The weakest link theory (widely attributed to English writer William James around the time the first punch card system was created) applies here and, as a result, means that companies must look at application risks across their organization and not just app by app. 

At a high level, the risks center on vulnerabilities in the code, misconfiguration, license and IP issues, and general weaknesses in design.  You can mitigate those by following best design practices and code reviews, leveraging application security testing tools like the ones we offer at Black Duck, training, etc. 

More specifically, you have injection types of attacks like SQL and cross-site scripting (XSS) which can lead to security breaches and malware injection. There are areas that impact applications, such as weak authentication and session management, as well as sensitive data exposure, which can lead to data breaches and data exfiltration. 
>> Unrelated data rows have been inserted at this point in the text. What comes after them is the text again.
(* Consider the following schemata and rule over QHC: (D$_\nabla$) $\nabla\alpha\lor\neg\nabla\alpha$ for all problems $\alpha$ (decidability of all problems of the form $\nabla\alpha$); (WEM) $\neg\alpha\lor\neg\neg\alpha$ for all problems $\alpha$; (D$_{\rm prop}$) $!p\lor !\neg p$ for all propositions $p$ (decidability of all propositions); the Exclusive Disjunction Rule (EDR): from $\neg(\alpha\land\beta)$ infer $\nabla(\alpha\lor\beta)\to\nabla\alpha\lor\nabla\beta$, for all problems $\alpha,\beta$. Then, over QHC: (a) (D$_\nabla$) implies (WEM); (b) (WEM) implies that (EDR) is derivable; (c) (D$_\nabla$) is equivalent to the conjunction of Hilbert's No Ignorabimus Principle and (EDR); (d) (D$_{\rm prop}$) is equivalent to the conjunction of Kolmogorov's Stability Principle and (EDR).
   Context: QHC is a two-sorted first-order calculus. Its only terms are individual variables. Every formula is either a problem (denoted by Greek letters $\alpha,\beta,\gamma,\dots$) or a proposition (denoted by Latin letters $p,q,\dots$). Atomic formulas are proposition variables $p(t_1,\dots,t_n)$ (of proposition type), problem variables $\pi(t_1,\dots,t_n)$ (of problem type), and the constants $0$ (a proposition, classical falsity) and $\bot$ (a problem, intuitionistic absurdity). Propositions are closed under the classical connectives $\land,\lor,\to$ and quantifiers $\exists,\forall$; problems are closed under the intuitionistic connectives $\land,\lor,\to$ and quantifiers $\exists,\forall$ (the same symbols are used, distinguished by the type of the arguments). $\neg p$ abbreviates $p\to 0$, $\neg\alpha$ abbreviates $\alpha\to\bot$, and $\leftrightarrow$ is defined as usual. There are two type-conversion operators: if $p$ is a proposition then $!p$ is a problem, and if $\alpha$ is a problem then $?\alpha$ is a proposition. Deductive system of QHC: all axioms and rules of classical predicate logic applied to all propositions; all postulates and rules of intuitionistic predicate logic applied to all problems; the rules $p\,/\,!p$ and $\alpha\,/\,?\alpha$; and the schemas $?!p\to p$; $\alpha\to\, !?\alpha$; $!(p\to q)\to(!p\to !q)$; $?(\alpha\to\beta)\to(?\alpha\to ?\beta)$; $!0\to\bot$; $?(\alpha\land\beta)\leftrightarrow ?\alpha\land ?\beta$; $?(\alpha\lor\beta)\leftrightarrow ?\alpha\lor ?\beta$; $?\bot\to 0$; $?\exists x\,\alpha(x)\leftrightarrow\exists x\,?\alpha(x)$; $?\forall x\,\alpha(x)\to\forall x\,?\alpha(x)$ (usual variable side conditions implicit). $\vdash A$ means $A$ is derivable in QHC; $A\Rightarrow B$ means $\vdash A\to B$ and $A\Leftrightarrow B$ means $\vdash A\leftrightarrow B$ (with $A,B$ of the same type); $A\vdash B$ means $B$ is derivable in QHC from the premise $A$. Notation: $\Box p := ?!p$ (a proposition) and $\nabla\alpha := !?\alpha$ (a problem). QC and QH denote classical and intuitionistic predicate calculus. Hilbert's No Ignorabimus Principle is the schema $?(\gamma\lor\neg\gamma)$ for all problems $\gamma$. Kolmogorov's Stability Principle is the schema $\neg !\neg p\to !p$ for all propositions $p$. "Over QHC, X implies Y" means that after adding X (schema or rule) to QHC, Y (all its instances, resp. the rule) becomes derivable. *)

theory Defs
  imports Main
begin

text \<open>Individual variables are natural numbers (the only terms).
Propositions (classical sort) and problems (intuitionistic sort) are two
mutually recursive datatypes.\<close>

datatype qprop =
    PVar nat "nat list"
  | Zero
  | PAnd qprop qprop
  | POr qprop qprop
  | PImp qprop qprop
  | PEx nat qprop
  | PAll nat qprop
  | Qm qprob                 (* ?alpha *)
and qprob =
    QVar nat "nat list"
  | Bot
  | QAnd qprob qprob
  | QOr qprob qprob
  | QImp qprob qprob
  | QEx nat qprob
  | QAll nat qprob
  | Bang qprop

primrec fvP :: "qprop \<Rightarrow> nat set" and fvQ :: "qprob \<Rightarrow> nat set" where
  "fvP (PVar n ts) = set ts"
| "fvP Zero = {}"
| "fvP (PAnd a b) = fvP a \<union> fvP b"
| "fvP (POr a b) = fvP a \<union> fvP b"
| "fvP (PImp a b) = fvP a \<union> fvP b"
| "fvP (PEx x a) = fvP a - {x}"
| "fvP (PAll x a) = fvP a - {x}"
| "fvP (Qm a) = fvQ a"
| "fvQ (QVar n ts) = set ts"
| "fvQ Bot = {}"
| "fvQ (QAnd a b) = fvQ a \<union> fvQ b"
| "fvQ (QOr a b) = fvQ a \<union> fvQ b"
| "fvQ (QImp a b) = fvQ a \<union> fvQ b"
| "fvQ (QEx x a) = fvQ a - {x}"
| "fvQ (QAll x a) = fvQ a - {x}"
| "fvQ (Bang p) = fvP p"

definition rn :: "nat \<Rightarrow> nat \<Rightarrow> nat \<Rightarrow> nat" where
  "rn x y z = (if z = x then y else z)"

primrec substP :: "nat \<Rightarrow> nat \<Rightarrow> qprop \<Rightarrow> qprop"
    and substQ :: "nat \<Rightarrow> nat \<Rightarrow> qprob \<Rightarrow> qprob" where
  "substP x y (PVar n ts) = PVar n (map (rn x y) ts)"
| "substP x y Zero = Zero"
| "substP x y (PAnd a b) = PAnd (substP x y a) (substP x y b)"
| "substP x y (POr a b) = POr (substP x y a) (substP x y b)"
| "substP x y (PImp a b) = PImp (substP x y a) (substP x y b)"
| "substP x y (PEx z a) = (if z = x then PEx z a else PEx z (substP x y a))"
| "substP x y (PAll z a) = (if z = x then PAll z a else PAll z (substP x y a))"
| "substP x y (Qm a) = Qm (substQ x y a)"
| "substQ x y (QVar n ts) = QVar n (map (rn x y) ts)"
| "substQ x y Bot = Bot"
| "substQ x y (QAnd a b) = QAnd (substQ x y a) (substQ x y b)"
| "substQ x y (QOr a b) = QOr (substQ x y a) (substQ x y b)"
| "substQ x y (QImp a b) = QImp (substQ x y a) (substQ x y b)"
| "substQ x y (QEx z a) = (if z = x then QEx z a else QEx z (substQ x y a))"
| "substQ x y (QAll z a) = (if z = x then QAll z a else QAll z (substQ x y a))"
| "substQ x y (Bang p) = Bang (substP x y p)"

primrec freeforP :: "nat \<Rightarrow> nat \<Rightarrow> qprop \<Rightarrow> bool"
    and freeforQ :: "nat \<Rightarrow> nat \<Rightarrow> qprob \<Rightarrow> bool" where
  "freeforP x y (PVar n ts) = True"
| "freeforP x y Zero = True"
| "freeforP x y (PAnd a b) = (freeforP x y a \<and> freeforP x y b)"
| "freeforP x y (POr a b) = (freeforP x y a \<and> freeforP x y b)"
| "freeforP x y (PImp a b) = (freeforP x y a \<and> freeforP x y b)"
| "freeforP x y (PEx z a) = (z = x \<or> x \<notin> fvP a \<or> (z \<noteq> y \<and> freeforP x y a))"
| "freeforP x y (PAll z a) = (z = x \<or> x \<notin> fvP a \<or> (z \<noteq> y \<and> freeforP x y a))"
| "freeforP x y (Qm a) = freeforQ x y a"
| "freeforQ x y (QVar n ts) = True"
| "freeforQ x y Bot = True"
| "freeforQ x y (QAnd a b) = (freeforQ x y a \<and> freeforQ x y b)"
| "freeforQ x y (QOr a b) = (freeforQ x y a \<and> freeforQ x y b)"
| "freeforQ x y (QImp a b) = (freeforQ x y a \<and> freeforQ x y b)"
| "freeforQ x y (QEx z a) = (z = x \<or> x \<notin> fvQ a \<or> (z \<noteq> y \<and> freeforQ x y a))"
| "freeforQ x y (QAll z a) = (z = x \<or> x \<notin> fvQ a \<or> (z \<noteq> y \<and> freeforQ x y a))"
| "freeforQ x y (Bang p) = freeforP x y p"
These can be mitigated by ensuring MFA is in place, supporting TLS encryption for data in transit, and even leveraging data masking. Some of that goes beyond AppSec but is certainly related to overall application protections. 

And, of course, great practice centers on ensuring you are not including components with known vulnerabilities, such as an outdated library or plugin. Open source software (OSS) security tools like Black Duck SCA can support the mitigation of those issues.

5. Please share your perspective on open-source risk management.

Overall, OSS has known vulnerabilities and license risks that by themselves create risks for the organization creating them. In a supply chain world, the downstream impact is amplified as more companies use 3^rd party software to build their products. 

In the 2025 OSSRA report, 64% of the open source components identified in our scans were transitive dependencies—open source libraries that other software components rely on to function.

These dependencies represent suppliers that are 2 or 3 levels removed from the actual product being used. This is the case in automotive, for example. The result is that the product owner may not be aware of that risk unless sufficiently detailed in the SBOM. 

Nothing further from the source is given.